In 1980, Thomas et al. found that coffee significantly decreased lower esophageal sphincter pressure in both normal subjects and patients with reflux esophagitis [64]. Decaffeinated coffee had similar effects to coffee [65,66]. In vitro studies found that coffee stimulated gastric muscle contractions followed by relaxation [67,68]. However, in vivo human studies found that coffee does not significantly alter gastric emptying [69]. Given the effects of coffee on LES pressure and gastric secretion, many studies have looked into the possible links between coffee consumption and risks of gastroesophageal reflux disorder, dyspepsia, and peptic ulcer [49,66]. Current data suggest that low-level coffee consumption (less than 4 cups a day) does not seem to influence the occurrence of GERD [70]. However, higher-level consumption of coffee (more than 4 cups a day) may increase the risk of GERD [70]. There are conflicting data about the links between coffee consumption and risks of functional dyspepsia and peptic ulcer disorders [49].

The effect of coffee on colonic motility is well known [71,72]. A study on 99 healthy volunteers reported that 29% described a compelling need to defecate after the ingestion of a cup of coffee, suggesting colonic stimulation by coffee [71]. Another study showed that the distal colonic motility was increased rapidly within minutes after coffee ingestion [71]. Decaffeinated coffee had a similar effect. These results suggest that coffee may be beneficial in the prevention of constipation. In fact, some population-based studies found that the consumption of coffee is inversely associated with the prevalence of constipation [31]. As gut microbiota may play an important role in modulating gut motility through microbial metabolites such like short chain fatty acids (SCFAs) and tryptophan metabolites, it is possible that coffee-induced alterations in gut microbiota may account for its effect on motility [73]. However, it is undeniable that coffee can directly act on the neuromuscular system to impact gut motility. In the in vitro study of isolated rat colonic smooth muscle strips, we found that regular and decaffeinated coffee dose-dependently (0.1 to 10 mg/mL) stimulated muscle contractions. The coffee-stimulated contractions were not affected by the neural activity blocker tetrodotoxin or nicotinic receptor antagonist hexamethonium, but were completely blocked by muscarinic receptor antagonist atropine. These data suggest that coffee causes muscle contractions directly by acting on muscarinic receptors of the gut smooth muscle cells or inhibiting acetylcholinesterase (an enzyme that breaks down acetylcholine) in a caffeine-independent manner [31]. In the in vivo study, we found that coffee consumption for 3 days led to a moderate increase in ileal smooth muscle contractility and a decrease in Enterobacteria copy numbers. It is not known whether there is any cause–effect relation between the altered gut microbiota and increased ileal motility in the coffee-treated animals [31].

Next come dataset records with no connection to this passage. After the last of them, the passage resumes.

lemma wz_omega_deviation_bigo:
  assumes "\<And>l. l < r \<Longrightarrow> 0 < d l" "(\<Sum>l<r. d l) = 1" "0 \<le> Ca" "k < r"
    and "\<And>l. l < r \<Longrightarrow> (\<lambda>x. (tau x / beta k x) powr p - (tau x / beta l x) powr p) \<in> O[F](g)"
  shows "(\<lambda>x. wz_omega r d Ca p tau beta k x / d k - 1) \<in> O[F](g)"
proof -
  let ?bound = "\<lambda>x. Ca * (\<Sum>l<r. d l * \<bar>(tau x / beta k x) powr p - (tau x / beta l x) powr p\<bar>)"
  have "(\<lambda>x. wz_omega r d Ca p tau beta k x / d k - 1) \<in> O[F](?bound)"
  proof (intro landau_o.big_mono always_eventually allI)
    fix x
    have "\<bar>wz_omega r d Ca p tau beta k x / d k - 1\<bar> \<le> ?bound x"
      using assms(1-4) by (rule wz_omega_deviation_le)
    then show "norm (wz_omega r d Ca p tau beta k x / d k - 1) \<le> norm (?bound x)"
      by simp
  qed
  also have "?bound \<in> O[F](g)"
    using assms(5) by (auto intro!: big_sum_in_bigo)
  finally show ?thesis .
qed

theorem lemma3p1:
  fixes r n1 n2 m :: nat
    and d :: "nat \<Rightarrow> real" and p Ca :: real
    and tau :: "real \<Rightarrow> real" and beta :: "nat \<Rightarrow> real \<Rightarrow> real"
    and a b :: "nat \<Rightarrow> real"
  assumes "r \<ge> 2"
    and "\<And>l. l < r \<Longrightarrow> d l > 0"
    and "(\<Sum>l<r. d l) = 1"
    and "p > 0" and "Ca > 0"
    and "1 \<le> n1" and "n1 < n2" and "n1 < m"
    and "eventually (\<lambda>x. tau x \<ge> 0) (at_right 0)"
    and "\<And>k. k < r \<Longrightarrow> eventually (\<lambda>x. beta k x > 0) (at_right 0)"
    and "tau \<in> O[at_right 0](\<lambda>x. x ^ m)"
    and "\<And>k. k < r \<Longrightarrow>
          (\<lambda>x. beta k x - (\<Sum>l\<in>{n1..<n2}. a l * x ^ l) - b k * x ^ n2)
            \<in> O[at_right 0](\<lambda>x. x ^ (n2 + 1))"
    and "a n1 \<noteq> 0"
    and "k < r"
  shows "(\<lambda>x. wz_omega r d Ca p tau beta k x / d k - 1)
           \<in> O[at_right 0](\<lambda>x. x powr (p * (real m - real n1) + (real n2 - real n1)))"
proof -
  let ?F = "at_right (0::real)"
  have x_pos: "eventually (\<lambda>x. 0 < x) ?F"
    by (simp add: eventually_at_right_less)
  then have power_pos: "eventually (\<lambda>x. 0 < x ^ n1) ?F"
    by eventually_elim simp
  have leading: "(\<lambda>x. beta l x - a n1 * x ^ n1) \<in> o[?F](\<lambda>x. x ^ n1)" if "l < r" for l
    using assms(7) assms(12)[OF that] by (rule expansion_minus_leading_term_smallo)
  have lower: "0 < a n1 \<and> eventually (\<lambda>x. a n1 / 2 * x ^ n1 \<le> beta l x) ?F" if "l < r" for l
    using leading_term_pos_lower_bound[OF leading[OF that] _ assms(13) assms(10)[OF that] power_pos]
    by simp
  have rate: "(\<lambda>x. (tau x / beta k x) powr p - (tau x / beta l x) powr p)
      \<in> O[?F](\<lambda>x. x powr (p * (real m - real n1) + (real n2 - real n1)))" if "l < r" for l
  proof -
    have diff: "(\<lambda>x. beta k x - beta l x) \<in> O[?F](\<lambda>x. x ^ n2)"
      using assms(12)[OF assms(14)] assms(12)[OF that] by (rule expansions_diff_bigo)
    have "0 < a n1 / 2" using lower[OF that] by simp
    have "(\<lambda>x. (tau x / beta k x) powr p - (tau x / beta l x) powr p)
        \<in> O[?F](\<lambda>x. \<bar>x ^ m\<bar> powr p * ((x ^ n1) powr (-p-1) * x ^ n2))"
      using assms(11,9) \<open>0 < a n1 / 2\<close> _ power_pos
        conjunct2[OF lower[OF assms(14)]] conjunct2[OF lower[OF that]] diff
      by (rule quotient_powr_diff_bigo) (use assms(4) in simp)
    also have "(\<lambda>x. \<bar>x ^ m\<bar> powr p * ((x ^ n1) powr (-p-1) * x ^ n2))
        \<in> \<Theta>[?F](\<lambda>x. x powr (p * (real m - real n1) + (real n2 - real n1)))"
      using x_pos
      by (intro bigthetaI_cong, eventually_elim)
         (simp add: powr_realpow[symmetric] powr_powr powr_add[symmetric] algebra_simps)
    finally show ?thesis .
  qed
  show ?thesis
    using assms(2,3,5,14) rate by (intro wz_omega_deviation_bigo) simp_all
qed

end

Recent studies found that coffee also significantly impacts small intestinal motility. Postoperative ileus (POI) is a dysmotility condition with significant inflammatory changes that happens after a laparotomy operation. Motility dysfunction and slow transit mainly occur in the small intestine in POI. Multiple studies have reported the benefits of coffee consumption in POI [74]. Different studies have suggested that coffee is a low-cost solution to accelerate postoperative recovery of gut function and motility after colorectal and gynecological surgery [74,75]. Our recent study in a preclinical model found that coffee does not affect inflammatory response in POI in mice, but significantly improves intestinal transit and stimulated ileal smooth muscle contractions in a muscarinic receptor-dependent manner [76]. These effects may contribute to the benefits of coffee in POI.

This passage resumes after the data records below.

theorem lemma5:
  fixes p q :: "nat \<Rightarrow> nat"
    and M :: "nat \<Rightarrow> 'a measure"
    and X Y :: "nat \<Rightarrow> nat \<Rightarrow> 'a \<Rightarrow> (nat \<Rightarrow> real)"
  assumes pos: "\<And>n. p n > 0 \<and> q n > 0"
    and maxlim: "filterlim (\<lambda>n. max (p n) (q n)) at_top sequentially"
    and prob: "\<And>n. prob_space (M n)"
    and meas: "\<And>n i. i \<in> {1..n} \<Longrightarrow>
         (\<lambda>\<omega>. (X n i \<omega>, Y n i \<omega>)) \<in> measurable (M n) (lebesgue_p (p n) \<Otimes>\<^sub>M lebesgue_p (q n))"
    and indep: "\<And>n. prob_space.indep_vars (M n) (\<lambda>_. lebesgue_p (p n) \<Otimes>\<^sub>M lebesgue_p (q n))
                        (\<lambda>i \<omega>. (X n i \<omega>, Y n i \<omega>)) {1..n}"
    and ident: "\<And>n i. i \<in> {1..n} \<Longrightarrow>
         distr (M n) (lebesgue_p (p n) \<Otimes>\<^sub>M lebesgue_p (q n)) (\<lambda>\<omega>. (X n i \<omega>, Y n i \<omega>))
       = distr (M n) (lebesgue_p (p n) \<Otimes>\<^sub>M lebesgue_p (q n)) (\<lambda>\<omega>. (X n 1 \<omega>, Y n 1 \<omega>))"
    and XYindep: "\<And>n i. i \<in> {1..n} \<Longrightarrow>
         prob_space.indep_var (M n) (lebesgue_p (p n)) (X n i) (lebesgue_p (q n)) (Y n i)"
    and sphX: "\<And>n i. i \<in> {1..n} \<Longrightarrow> spherical_directions (M n) (p n) (X n i)"
    and sphY: "\<And>n i. i \<in> {1..n} \<Longrightarrow> spherical_directions (M n) (q n) (Y n i)"
  shows "(\<lambda>n. \<integral>\<omega>. ((\<Sum>l\<in>{1..n}.
              real_cond_exp (M n) (past_algebra (M n) (p n) (q n) (X n) (Y n) (l - 1))
                 (\<lambda>\<omega>'. (DI n (p n) (q n) (X n) (Y n) l \<omega>')\<^sup>2) \<omega>) - 1)\<^sup>2 \<partial>M n)
         \<longlonglongrightarrow> 0"
proof -
  have sample: "spherical_sample (M n) (p n) (q n) n (X n) (Y n)" for n
    using prob pos indep XYindep sphX sphY by (simp add: spherical_sample_def spherical_sample_axioms_def)
  have "(\<lambda>n. 2 / (real n)\<^sup>2) \<longlonglongrightarrow> 0"
    by (intro tendsto_divide_0[OF tendsto_const] filterlim_at_top_imp_at_infinity
        filterlim_pow_at_top filterlim_real_sequentially) simp
  from tendsto_add[OF this tendsto_divide_mult_max_at_top[OF pos maxlim]]
  have bound_lim: "(\<lambda>n. 2 / (real n)\<^sup>2 + 32 / (real (p n) * real (q n))) \<longlonglongrightarrow> 0"
    by simp
  show ?thesis
    by (rule tendsto_sandwich[OF always_eventually eventually_sequentiallyI[of 1,
          OF spherical_sample.integral_sum_cond_exp_DI_squared_minus_1_le[OF sample]] tendsto_const bound_lim])
      simp
qed

end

5. Effect of Coffee on the Gut-Microbiota–Brain Axis

The old term gut–brain axis (GBA) refers to the bidirectional communication between the central and the enteric nervous system (CNS and ENS), linking emotional and cognitive centers of the brain with the peripheral gastrointestinal functions [77]. Recent advances in research have identified the importance of gut microbiota in influencing the gut–brain axis by bidirectional signaling between the gut microbiota and brain through neural, endocrine, and immunological processes, a new term “gut-microbiota–brain axis” emerges [78]. It refers to the network of connections that passes bidirectional communication between gut microbiota and the brain, and is crucial in maintaining homeostasis of the gastrointestinal, central nervous, and microbial systems.

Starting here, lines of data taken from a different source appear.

lemma set_history_subset_bitstrings:
  assumes alg: "unary_unbiased_alg n A" and xs: "xs \<in> set_pmf (history n f A t)"
  shows "set xs \<subseteq> bitstrings n"
  using xs
proof (induction t arbitrary: xs)
  case 0
  then show ?case
    using finite_bitstrings bitstrings_nonempty by auto
next
  case (Suc t)
  then obtain zs V i y where zs: "zs \<in> set_pmf (history n f A t)"
    and Vi: "(V, i) \<in> set_pmf (A (map f zs))" and y: "y \<in> set_pmf (V (zs ! i))"
    and xs: "xs = zs @ [y]"
    by auto
  have "map f zs \<noteq> []"
    using length_history[OF zs] by auto
  then have "i < length zs" "unary_unbiased_op n V"
    using unary_unbiased_algD[OF alg _ Vi] by auto
  then have "y \<in> bitstrings n"
    using y Suc.IH[OF zs] set_pmf_unary_unbiased_op by (meson nth_mem subsetD)
  then show ?case
    using xs Suc.IH[OF zs] by auto
qed

lemma integral_if_eq_pmf: "(\<integral>x. (if x = a then c else 0) \<partial>measure_pmf M) = pmf M a * (c :: real)"
proof -
  have "(\<integral>x. (if x = a then c else 0) \<partial>measure_pmf M) = (\<integral>x. indicator {a} x * c \<partial>measure_pmf M)"
    by (intro Bochner_Integration.integral_cong) (auto split: split_indicator)
  then show ?thesis
    by (simp add: measure_pmf_single)
qed

lemma pmf_history_snoc:
  assumes "length zs = Suc t"
  shows "pmf (history n f A (Suc t)) (zs @ [y]) =
    pmf (history n f A t) zs * (\<integral>(V, i). pmf (V (zs ! i)) y \<partial>measure_pmf (A (map f zs)))"
proof -
  define c where "c = (\<integral>(V, i). pmf (V (zs ! i)) y \<partial>measure_pmf (A (map f zs)))"
  have step: "pmf (A (map f xs) \<bind> (\<lambda>(V, i). map_pmf (\<lambda>y. xs @ [y]) (V (xs ! i)))) (zs @ [y])
      = (if xs = zs then c else 0)" if "length xs = Suc t" for xs
  proof -
    have "pmf (map_pmf (\<lambda>y. xs @ [y]) D) (zs @ [y]) = (if xs = zs then pmf D y else 0)" for D
      using that assms pmf_map_inj'[of "\<lambda>y. zs @ [y]" D y]
      by (auto intro: injI simp: pmf_eq_0_set_pmf)
    then show ?thesis
      by (simp add: pmf_bind c_def case_prod_unfold)
  qed
  have "pmf (history n f A (Suc t)) (zs @ [y]) =
     (\<integral>xs. pmf (A (map f xs) \<bind> (\<lambda>(V, i). map_pmf (\<lambda>y. xs @ [y]) (V (xs ! i)))) (zs @ [y])
        \<partial>measure_pmf (history n f A t))"
    by (simp add: pmf_bind)
  also have "\<dots> = (\<integral>xs. (if xs = zs then c else 0) \<partial>measure_pmf (history n f A t))"
    by (intro integral_cong_AE AE_pmfI; simp add: step length_history)
  finally show ?thesis
    by (simp add: integral_if_eq_pmf c_def)
qed

definition mask_from :: "nat \<Rightarrow> nat \<Rightarrow> bool list \<Rightarrow> bool list" where
  "mask_from n L w = map (\<lambda>i. w ! i \<and> L \<le> i) [0..<n]"

lemma mask_from_in_bitstrings: "mask_from n L w \<in> bitstrings n"
  by (simp add: mask_from_def bitstrings_def)

lemma take_xor_mask_from:
  assumes "x \<in> bitstrings n" "k \<le> L"
  shows "take k (xor_bits x (mask_from n L w)) = take k x"
  using assms by (intro nth_equalityI) (auto simp: bitstrings_def mask_from_def)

It is possible that coffee-induced alterations in gut microbiota composition may translate into changes in effector molecules involved in the GBA signaling, affecting multiple neurological and psychological processes. A randomized, double-blind, crossover clinical trial with 40 healthy people in nonstressful conditions reported that acute coffee consumption was not associated with any gastrointestinal symptoms but activated the sympathetic nervous system, associated with increases in salivary α-amylase, but not salivary cortisol. This was interpreted as due to a possible antistress effect of coffee mediated by metabolites of coffee other than caffeine [79]. Another study demonstrated that severe sleep loss caused the accumulation of reactive oxygen species (ROS) in the gut but not in the brain, and this effect could be prevented by the administration of an antioxidant such as melanoidins from coffee [80]. Recent studies tried to correlate the coffee-induced gut dysbiosis to different brain functions. Caffeine-induced sleep restriction in mice was associated with altered diversity and composition of the intestinal microbiota, i.e., reduced Proteobacteria and Actinobacteria abundance, and altered the metabolic profiles of the gut microbiome [81]. A recent study in chronic paradoxical sleep deprivation (PSD) rats revealed that both coffee and decaffeinated coffee significantly improved the depression-like behaviors with increased levels of superoxide dismutase and glutathione peroxidase and decreased levels of IL-6 and TNF-α in the serum. Parallel gut microbiota analysis showed that coffee intake reversed the gut dysbiosis and restored the abundance of S24-7, Lachnospiraceae, Oscillospira, Parabacteroides, Akkermansia, and Klebsiella to a healthy level, suggesting a close relationship among coffee, gut microbiota, and CNS [30].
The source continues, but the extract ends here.